I don’t blame BLM for that. I want the mural. I also want the violence to end. And I resent that now every time I hear a protest I don’t feel hopeful, I feel dread about how it could end in more bombs.

James
James
5 months ago
Reply to  Frankie

Violence will end when the cops stop being violent.

Frankie
Frankie
5 months ago
Reply to  James

So never, then? Great plan you got there.

Maybe you can spend your time doing something that actually makes a difference, like registering people to vote. And educate yourself about how well those violent protests worked in the late 60s, leading to both the election of our last “Law and Order” President AND the creation of a whole new law enforcement agency.

p-patch
p-patch
5 months ago

I like the mural – It’s proximity to the park, the police station and the surrounding businesses gives a nod to a very important issue without monumentalizing any specific event. It also utilizes a “canvas” that doesn’t interfere with or co-opt existing spaces, unlike the proposed changes to Cal Anderson Park.

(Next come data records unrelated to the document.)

(* Let $\nu>0$, $K>0$ and $d\in\mathbb{N}$, $d\ge2$. Define $\tau_0=\nu$ and $\tau_s=2\tau_{s-1}+3$ for $s\ge1$. There exists $p\in\mathbb{N}$ with the following property. Let $\theta_1,\ldots,\theta_p$ be irrational numbers for which there exists $C>0$ such that for every choice of pairwise distinct indices $i_1,\ldots,i_d\in\{1,\ldots,p\}$ and every $k\in\mathbb{Z}\setminus\{0\}$, $\max_{1\le m\le d}\|k\theta_{i_m}\|\ge C|k|^{-\nu}$. Then for every sufficiently large $U>0$ and every $V$ with $U\le V\le U^K$, there exist $k\in\{1,\ldots,p\}$ and integers $l<n$ such that $l,l+1,\ldots,n-1\in\mathcal{A}_{\tau_{d-1}}(\theta_k)$ and $$q_{k,l}\le U\le V\le q_{k,n}.$$
   Context: $\|x\|$ is the distance from $x$ to the nearest integer. For an irrational $\alpha$, $(q_n)_{n\ge1}$ denotes the increasing sequence of denominators of the best rational approximations (convergents) of $\alpha$: $q_1=1$ and $\|k\alpha\|>\|q_n\alpha\|$ for all $0<k<q_{n+1}$, $k\ne q_n$. For $\theta_j$ this sequence is written $(q_{j,n})_n$. For $\tau>0$, $\mathcal{A}_\tau(\theta_j)=\{s\in\mathbb{N}: q_{j,s+1}\le q_{j,s}^\tau\}$; a run $l,\ldots,n-1$ of consecutive elements of $\mathcal{A}_\tau(\theta_j)$ is called a Diophantine string of exponent $\tau$. *)

theory Defs
  imports Complex_Main
begin

definition dnint :: "real \<Rightarrow> real" where
  "dnint x = min (x - of_int \<lfloor>x\<rfloor>) (of_int \<lceil>x\<rceil> - x)"

text \<open>Denominators of best approximations, indexed from 1: q 1 = 1 and
  q (n+1) is the least k > q n with dnint (k*a) < dnint (q n * a); this is exactly
  the sequence determined by the paper's condition (for irrational a).
  The value at index 0 is a dummy and is never used.\<close>
fun convq :: "real \<Rightarrow> nat \<Rightarrow> nat" where
  "convq a 0 = 1"
| "convq a (Suc 0) = 1"
| "convq a (Suc (Suc n)) =
     (LEAST k. k > convq a (Suc n) \<and> dnint (real k * a) < dnint (real (convq a (Suc n)) * a))"

definition Aset :: "real \<Rightarrow> real \<Rightarrow> nat set" where
  "Aset tau a = {s. s \<ge> 1 \<and> real (convq a (s + 1)) \<le> real (convq a s) powr tau}"

fun tauseq :: "real \<Rightarrow> nat \<Rightarrow> real" where
  "tauseq nu 0 = nu"
| "tauseq nu (Suc s) = 2 * tauseq nu s + 3"

end

theory Submission
  imports Defs "HOL-Analysis.Kronecker_Approximation_Theorem"
begin

(* Suppose that for every i no Diophantine string of exponent tau = tau_(d-1) covers [U, V].
   Walking along the convergents of theta_i from the last q_l <= U to the first q_n >= V one
   meets some s outside A_tau, and Q_i = q_s satisfies Q_i <= V and
   ||Q_i theta_i|| < 2 min(1/U, Q_i^(-tau)).  Sorting the numbers ln Q_i <= K ln U into
   O(K) windows of width proportional to ln U, the pigeonhole principle yields d indices whose
   Q_i are either all small or all of comparable size.  For the product k of these d
   denominators, ||k theta_i|| <= (k / Q_i) ||Q_i theta_i|| for each of them, and in both cases
   this is smaller than C k^(-nu), contradicting the hypothesis.  Only the linear bound
   tau_(d-1) >= nu + (d-1)(nu+3) is needed. *)

section \<open>Distance to the nearest integer\<close>

lemma dnint_le_dist: "dnint x \<le> \<bar>x - of_int z\<bar>"
proof -
  have "z \<le> \<lfloor>x\<rfloor> \<or> \<lceil>x\<rceil> \<le> z"
    by (metis ceiling_le_iff floor_less_cancel le_floor_iff linorder_not_le not_less_iff_gr_or_eq of_int_less_iff)
  then show ?thesis
    unfolding dnint_def by (smt (verit) of_int_le_iff of_int_floor_le le_of_int_ceiling)
qed

lemma dnint_attained: "\<exists>z. dnint x = \<bar>x - of_int z\<bar>"
  unfolding dnint_def by (smt (verit) le_of_int_ceiling of_int_floor_le)

lemma dnint_nonneg: "0 \<le> dnint x"
  using dnint_attained by (metis abs_ge_zero)

lemma dnint_of_nat_mult_le: "dnint (real m * x) \<le> real m * dnint x"
proof -
  obtain z where z: "dnint x = \<bar>x - of_int z\<bar>"
    using dnint_attained by blast
  have "dnint (real m * x) \<le> \<bar>real m * x - of_int (int m * z)\<bar>"
    by (rule dnint_le_dist)
  also have "\<dots> = real m * \<bar>x - of_int z\<bar>"
    by (simp add: abs_mult flip: right_diff_distrib)
  finally show ?thesis
    using z by simp
qed

lemma dnint_pos_if_irrational:
  assumes "a \<notin> \<rat>" "k \<ge> 1"
  shows "0 < dnint (real k * a)"
proof (rule ccontr)
  assume "\<not> 0 < dnint (real k * a)"
  then obtain z where "real k * a = of_int z"
    using dnint_attained[of "real k * a"] dnint_nonneg[of "real k * a"] by force
  then have "a = of_int z / real k"
    using assms(2) by (simp add: field_simps)
  then show False
    using assms(1) by simp
qed

lemma Dirichlet_dnint:
  assumes "N > 0"
  shows "\<exists>k. 1 \<le> k \<and> k \<le> N \<and> dnint (real k * a) < 1 / real N"
proof -
  obtain h k where "0 < k" "k \<le> int N" "\<bar>of_int k * a - of_int h\<bar> < 1 / N"
    using Dirichlet_approx[OF assms] by blast
  then show ?thesis
    using dnint_le_dist[of "of_int k * a" h] by (intro exI[of _ "nat k"]) auto
qed

lemma ex_dnint_less:
  assumes "a \<notin> \<rat>" "q \<ge> 1"
  obtains k where "k \<ge> 1" "dnint (real k * a) < dnint (real q * a)"
proof -
  obtain N :: nat where "N > 0" "inverse (real N) < dnint (real q * a)"
    using ex_inverse_of_nat_less dnint_pos_if_irrational[OF assms] by blast
  then show ?thesis
    using Dirichlet_dnint[of N a] that by (force simp: divide_inverse)
qed

section \<open>Convergent denominators\<close>

definition best_approx :: "real \<Rightarrow> nat \<Rightarrow> bool" where
  "best_approx a q \<longleftrightarrow> 1 \<le> q \<and> (\<forall>k. 1 \<le> k \<and> k \<le> q \<longrightarrow> dnint (real q * a) \<le> dnint (real k * a))"

lemma convq_Suc:
  assumes a: "a \<notin> \<rat>" and s: "s \<ge> 1" and best: "best_approx a (convq a s)"
  shows "convq a s < convq a (Suc s)"
    and "dnint (real (convq a (Suc s)) * a) < dnint (real (convq a s) * a)"
    and "\<And>k. convq a s < k \<Longrightarrow> k < convq a (Suc s) \<Longrightarrow>
           dnint (real (convq a s) * a) \<le> dnint (real k * a)"
proof -
  let ?q = "convq a s"
  define R where "R k \<longleftrightarrow> ?q < k \<and> dnint (real k * a) < dnint (real ?q * a)" for k
  have next_q: "convq a (Suc s) = (LEAST k. R k)"
    using s by (cases s) (auto simp: R_def)
  obtain k where "k \<ge> 1" "dnint (real k * a) < dnint (real ?q * a)"
    using ex_dnint_less a best by (auto simp: best_approx_def)
  then have "R k"
    using best by (force simp: R_def best_approx_def)
  then have "R (convq a (Suc s))"
    unfolding next_q by (rule LeastI)
  then show "?q < convq a (Suc s)" "dnint (real (convq a (Suc s)) * a) < dnint (real ?q * a)"
    by (simp_all add: R_def)
  show "dnint (real ?q * a) \<le> dnint (real k * a)" if "?q < k" "k < convq a (Suc s)" for k
    using not_less_Least[of k R] that by (force simp: next_q R_def)
qed

lemma best_approx_convq:
  assumes a: "a \<notin> \<rat>" and "s \<ge> 1"
  shows "best_approx a (convq a s)"
  using \<open>s \<ge> 1\<close>
proof (induction s rule: dec_induct)
  case base
  show ?case
    by (auto simp: best_approx_def dest: le_antisym)
next
  case (step s)
  note next_q = convq_Suc[OF a step.hyps(1) step.IH]
  have "dnint (real (convq a (Suc s)) * a) \<le> dnint (real k * a)"
    if k: "1 \<le> k" "k \<le> convq a (Suc s)" for k
  proof -
    consider "k \<le> convq a s" | "convq a s < k" "k < convq a (Suc s)" | "k = convq a (Suc s)"
      using k(2) by linarith
    then show ?thesis
      using next_q step.IH k(1) by cases (force simp: best_approx_def)+
  qed
  then show ?case
    using next_q(1) step.IH by (simp add: best_approx_def)
qed

lemma convq_less_Suc:
  assumes "a \<notin> \<rat>" "s \<ge> 1"
  shows "convq a s < convq a (Suc s)"
  using convq_Suc(1)[OF assms best_approx_convq[OF assms]] .

lemma convq_ge_index:
  assumes "a \<notin> \<rat>"
  shows "s \<le> convq a s"
proof (induction s)
  case (Suc s)
  then show ?case
    using convq_less_Suc[OF assms, of s] by (cases s) auto
qed simp

lemma dnint_convq_less:
  assumes a: "a \<notin> \<rat>" and s: "s \<ge> 1"
  shows "dnint (real (convq a s) * a) < 2 / real (convq a (Suc s))"
proof -
  define N where "N = convq a (Suc s) - 1"
  have best: "best_approx a (convq a s)"
    using best_approx_convq[OF a s] .
  then have N: "N > 0" "real (convq a (Suc s)) = real N + 1"
    using convq_less_Suc[OF a s] by (auto simp: N_def best_approx_def)
  obtain k where k: "1 \<le> k" "k \<le> N" "dnint (real k * a) < 1 / real N"
    using Dirichlet_dnint[OF N(1)] by blast
  have "dnint (real (convq a s) * a) \<le> dnint (real k * a)"
    using best convq_Suc(3)[OF a s best, of k] k(1,2) N(1)
    by (cases "k \<le> convq a s") (auto simp: best_approx_def N_def)
  also have "\<dots> < 1 / real N"
    by (fact k(3))
  also have "\<dots> \<le> 2 / real (convq a (Suc s))"
    using N by (simp add: field_simps)
  finally show ?thesis .
qed

section \<open>Diophantine strings covering an interval\<close>

definition diophantine_string_covers :: "real \<Rightarrow> real \<Rightarrow> real \<Rightarrow> real \<Rightarrow> bool" where
  "diophantine_string_covers \<tau> a U V \<longleftrightarrow>
     (\<exists>l n. l < n \<and> (\<forall>s\<in>{l..<n}. s \<in> Aset \<tau> a) \<and>
            real (convq a l) \<le> U \<and> V \<le> real (convq a n))"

Of course the money could be spent on other priorities, but it seems like relatively low-cost gesture the city can make to #BML, while they work to get this neighborhood back to something resembling “normal”.

John
John
5 months ago

Is there any word on whether this project will restore the bike lanes on Pine? Every since the mural has been blocked off, cars and buses now have to drive in those lanes.

jo
jo
5 months ago
Reply to  John

Yes exactly. honestly not a pragmatic idea for bikes, fire trucks, paramedics. I would have liked to see them move it off the road.